lemma inflation_rcos:
  assumes "f \<in> carrier (cochain2 QA D)"
  shows "inflation (coset_proj G A) QZ D (coboundaries2 QA D #>\<^bsub>cochain2 QA D\<^esub> f)
       = coboundaries2 QZ D #>\<^bsub>cochain2 QZ D\<^esub> inflate2 f"
proof -
  have e: "(\<lambda>f. \<lambda>p\<in>carrier QZ \<times> carrier QZ. f (coset_proj G A (fst p), coset_proj G A (snd p))) = inflate2"
    unfolding inflate2_def by (rule ext) simp
  show ?thesis
    unfolding inflation_def e
    using set_mult_image_rcos[OF comm_group.axioms(2)[OF cochain2_comm_group[OF D.comm_group_axioms]] comm_group.axioms(2)[OF cochain2_comm_group[OF D.comm_group_axioms]] inflate2_hom
        coboundaries2_subgroup(1)[OF QA_group D.comm_group_axioms]
        coboundaries2_subgroup(1)[OF QZ_group D.comm_group_axioms] inflate2_coboundaries assms] .
qed

end

context central_quotient
begin

context
  fixes \<theta> assumes \<theta>: "\<theta> \<in> hom (G\<lparr>carrier := A\<rparr>) D"
begin

lemma inflate2_transgression_coboundary:
  assumes trivial: "\<forall>z\<in>Z. \<theta> z = \<one>\<^bsub>D\<^esub>"
  shows "inflate2 (transgression_cocycle \<theta>) \<in> coboundaries2 QZ D"
proof -
  define g where "g x = inv\<^bsub>D\<^esub> \<theta> (A_part (coset_rep x))" for x
  have g_rcos: "g (Z #> h) = inv\<^bsub>D\<^esub> \<theta> (A_part h)" if h: "h \<in> S" for h
  proof -
    obtain z where z: "z \<in> Z" "coset_rep (Z #> h) = z \<otimes> h"
      using coset_rep_mem[OF G.rcos_self[OF S_carrier[OF h] subgroup_Z]] unfolding r_coset_def by blast
    then have "\<theta> (A_part (coset_rep (Z #> h))) = \<theta> z \<otimes>\<^bsub>D\<^esub> \<theta> (A_part h)"
      using A_part_mult_A \<theta>_simps(2)[OF \<theta>] A_part_mem h Z_subset_A by auto
    then show ?thesis unfolding g_def using z(1) trivial \<theta>_simps(1)[OF \<theta>] A_part_mem h by simp
  qed
  have "g \<in> carrier QZ \<rightarrow> carrier D"
    using carrier_QZ g_rcos \<theta>_simps(1)[OF \<theta>] A_part_mem by auto
  moreover have "inflate2 (transgression_cocycle \<theta>) = coboundary2 QZ D g"
    unfolding inflate2_def coboundary2_def
  proof (rule restrict_ext)
    fix p assume "p \<in> carrier QZ \<times> carrier QZ"
    then obtain h1 h2 where h: "h1 \<in> S" "h2 \<in> S" "fst p = Z #> h1" "snd p = Z #> h2"
      using carrier_QZ by (auto simp: mem_Times_iff)
    have c: "\<theta> (A_part h1) \<in> carrier D" "\<theta> (A_part h2) \<in> carrier D"
      "transgression_cocycle \<theta> (A #> h1, A #> h2) \<in> carrier D"
      using \<theta>_simps(1)[OF \<theta>] A_part_mem transgression_cocycle_closed[OF \<theta>] h rcos_in_QA by auto
    show "transgression_cocycle \<theta> (coset_proj G A (fst p), coset_proj G A (snd p))
        = g (fst p) \<otimes>\<^bsub>D\<^esub> g (snd p) \<otimes>\<^bsub>D\<^esub> inv\<^bsub>D\<^esub> g (fst p \<otimes>\<^bsub>QZ\<^esub> snd p)"
      unfolding h(3,4) mult_QZ rcos_mult[OF Z_normal h(1,2)] coset_proj_rcos[OF h(1)]
        coset_proj_rcos[OF h(2)] g_rcos[OF h(1)] g_rcos[OF h(2)] g_rcos[OF S_mult[OF h(1,2)]]
        A_part_hom_defect[OF \<theta> h(1,2)]
      using c by (simp add: D.m_ac D.inv_mult D.inv_cancel_ac)
  qed
  ultimately show ?thesis unfolding coboundaries2_eq by blast
qed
- - -
> _EXERCISE_:
Reproduce the whole of the material exactly as shown.

> _RESPONSE TO THE TASK_:
lemma inflation_rcos:
  assumes "f \<in> carrier (cochain2 QA D)"
  shows "inflation (coset_proj G A) QZ D (coboundaries2 QA D #>\<^bsub>cochain2 QA D\<^esub> f)
       = coboundaries2 QZ D #>\<^bsub>cochain2 QZ D\<^esub> inflate2 f"
proof -
  have e: "(\<lambda>f. \<lambda>p\<in>carrier QZ \<times> carrier QZ. f (coset_proj G A (fst p), coset_proj G A (snd p))) = inflate2"
    unfolding inflate2_def by (rule ext) simp
  show ?thesis
    unfolding inflation_def e
    using set_mult_image_rcos[OF comm_group.axioms(2)[OF cochain2_comm_group[OF D.comm_group_axioms]] comm_group.axioms(2)[OF cochain2_comm_group[OF D.comm_group_axioms]] inflate2_hom
        coboundaries2_subgroup(1)[OF QA_group D.comm_group_axioms]
        coboundaries2_subgroup(1)[OF QZ_group D.comm_group_axioms] inflate2_coboundaries assms] .
qed

end

context central_quotient
begin

context
  fixes \<theta> assumes \<theta>: "\<theta> \<in> hom (G\<lparr>carrier := A\<rparr>) D"
begin

lemma inflate2_transgression_coboundary:
  assumes trivial: "\<forall>z\<in>Z. \<theta> z = \<one>\<^bsub>D\<^esub>"
  shows "inflate2 (transgression_cocycle \<theta>) \<in> coboundaries2 QZ D"
proof -
  define g where "g x = inv\<^bsub>D\<^esub> \<theta> (A_part (coset_rep x))" for x
  have g_rcos: "g (Z #> h) = inv\<^bsub>D\<^esub> \<theta> (A_part h)" if h: "h \<in> S" for h
  proof -
    obtain z where z: "z \<in> Z" "coset_rep (Z #> h) = z \<otimes> h"
      using coset_rep_mem[OF G.rcos_self[OF S_carrier[OF h] subgroup_Z]] unfolding r_coset_def by blast
    then have "\<theta> (A_part (coset_rep (Z #> h))) = \<theta> z \<otimes>\<^bsub>D\<^esub> \<theta> (A_part h)"
      using A_part_mult_A \<theta>_simps(2)[OF \<theta>] A_part_mem h Z_subset_A by auto
    then show ?thesis unfolding g_def using z(1) trivial \<theta>_simps(1)[OF \<theta>] A_part_mem h by simp
  qed
  have "g \<in> carrier QZ \<rightarrow> carrier D"
    using carrier_QZ g_rcos \<theta>_simps(1)[OF \<theta>] A_part_mem by auto
  moreover have "inflate2 (transgression_cocycle \<theta>) = coboundary2 QZ D g"
    unfolding inflate2_def coboundary2_def
  proof (rule restrict_ext)
    fix p assume "p \<in> carrier QZ \<times> carrier QZ"
    then obtain h1 h2 where h: "h1 \<in> S" "h2 \<in> S" "fst p = Z #> h1" "snd p = Z #> h2"
      using carrier_QZ by (auto simp: mem_Times_iff)
    have c: "\<theta> (A_part h1) \<in> carrier D" "\<theta> (A_part h2) \<in> carrier D"
      "transgression_cocycle \<theta> (A #> h1, A #> h2) \<in> carrier D"
      using \<theta>_simps(1)[OF \<theta>] A_part_mem transgression_cocycle_closed[OF \<theta>] h rcos_in_QA by auto
    show "transgression_cocycle \<theta> (coset_proj G A (fst p), coset_proj G A (snd p))
        = g (fst p) \<otimes>\<^bsub>D\<^esub> g (snd p) \<otimes>\<^bsub>D\<^esub> inv\<^bsub>D\<^esub> g (fst p \<otimes>\<^bsub>QZ\<^esub> snd p)"
      unfolding h(3,4) mult_QZ rcos_mult[OF Z_normal h(1,2)] coset_proj_rcos[OF h(1)]
        coset_proj_rcos[OF h(2)] g_rcos[OF h(1)] g_rcos[OF h(2)] g_rcos[OF S_mult[OF h(1,2)]]
        A_part_hom_defect[OF \<theta> h(1,2)]
      using c by (simp add: D.m_ac D.inv_mult D.inv_cancel_ac)
  qed
  ultimately show ?thesis unfolding coboundaries2_eq by blast
qed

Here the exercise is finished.